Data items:
text \<open>Landau's converse of the Cauchy--Schwarz inequality.\<close>

lemma square_summable_if_bounded_pairings:
  fixes \<beta> :: "nat \<Rightarrow> real"
  assumes "\<And>a. summable (\<lambda>k. (a k)^2) \<Longrightarrow> (\<lambda>n. \<Sum>k<n. a k * \<beta> k) \<in> O(\<lambda>_. 1)"
  shows "summable (\<lambda>k. (\<beta> k)^2)"
proof (rule ccontr)
  assume diverges: "\<not> summable (\<lambda>k. (\<beta> k)^2)"
  define a where "a k = \<beta> k / (1 + (\<Sum>j\<le>k. (\<beta> j)^2))" for k
  have "summable (\<lambda>k. (a k)^2)"
    using summable_div_square_partial_sums[of "\<lambda>k. (\<beta> k)^2"]
    by (simp add: a_def power_divide)
  from assms[OF this] obtain C where "\<forall>\<^sub>F n in sequentially. \<bar>\<Sum>k<n. a k * \<beta> k\<bar> \<le> C"
    by (elim landau_o.bigE) auto
  then obtain N where N: "\<And>n. N \<le> n \<Longrightarrow> \<bar>\<Sum>k<n. a k * \<beta> k\<bar> \<le> C"
    unfolding eventually_sequentially by blast
  have a_mult: "a k * \<beta> k = (\<beta> k)^2 / (1 + (\<Sum>j\<le>k. (\<beta> j)^2))" for k
    by (simp add: a_def power2_eq_square)
  have a_mult_nonneg: "0 \<le> a k * \<beta> k" for k
    unfolding a_mult by (simp add: sum_nonneg)
  have "summable (\<lambda>k. a k * \<beta> k)"
  proof (rule summableI_nonneg_bounded[OF a_mult_nonneg])
    fix n
    have "(\<Sum>k<n. a k * \<beta> k) \<le> (\<Sum>k<max n N. a k * \<beta> k)"
      using a_mult_nonneg by (intro sum_mono2) auto
    also have "\<dots> \<le> C"
      using N[of "max n N"] by simp
    finally show "(\<Sum>k<n. a k * \<beta> k) \<le> C" .
  qed
  with not_summable_div_partial_sums[of "\<lambda>k. (\<beta> k)^2"] diverges show False
    by (simp add: a_mult)
qed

What you have to do :: Transcribe only the lines from the beginning of the entries to the line with "k = (\<beta>", inclusive, exactly as written.

Solution to the exercise ::
text \<open>Landau's converse of the Cauchy--Schwarz inequality.\<close>

lemma square_summable_if_bounded_pairings:
  fixes \<beta> :: "nat \<Rightarrow> real"
  assumes "\<And>a. summable (\<lambda>k. (a k)^2) \<Longrightarrow> (\<lambda>n. \<Sum>k<n. a k * \<beta> k) \<in> O(\<lambda>_. 1)"
  shows "summable (\<lambda>k. (\<beta> k)^2)"
proof (rule ccontr)
  assume diverges: "\<not> summable (\<lambda>k. (\<beta> k)^2)"
  define a where "a k = \<beta> k / (1 + (\<Sum>j\<le>k. (\<beta> j)^2))" for k
  have "summable (\<lambda>k. (a k)^2)"
    using summable_div_square_partial_sums[of "\<lambda>k. (\<beta> k)^2"]
    by (simp add: a_def power_divide)
  from assms[OF this] obtain C where "\<forall>\<^sub>F n in sequentially. \<bar>\<Sum>k<n. a k * \<beta> k\<bar> \<le> C"
    by (elim landau_o.bigE) auto
  then obtain N where N: "\<And>n. N \<le> n \<Longrightarrow> \<bar>\<Sum>k<n. a k * \<beta> k\<bar> \<le> C"
    unfolding eventually_sequentially by blast
  have a_mult: "a k * \<beta> k = (\<beta> k)^2 / (1 + (\<Sum>j\<le>k. (\<beta> j)^2))" for k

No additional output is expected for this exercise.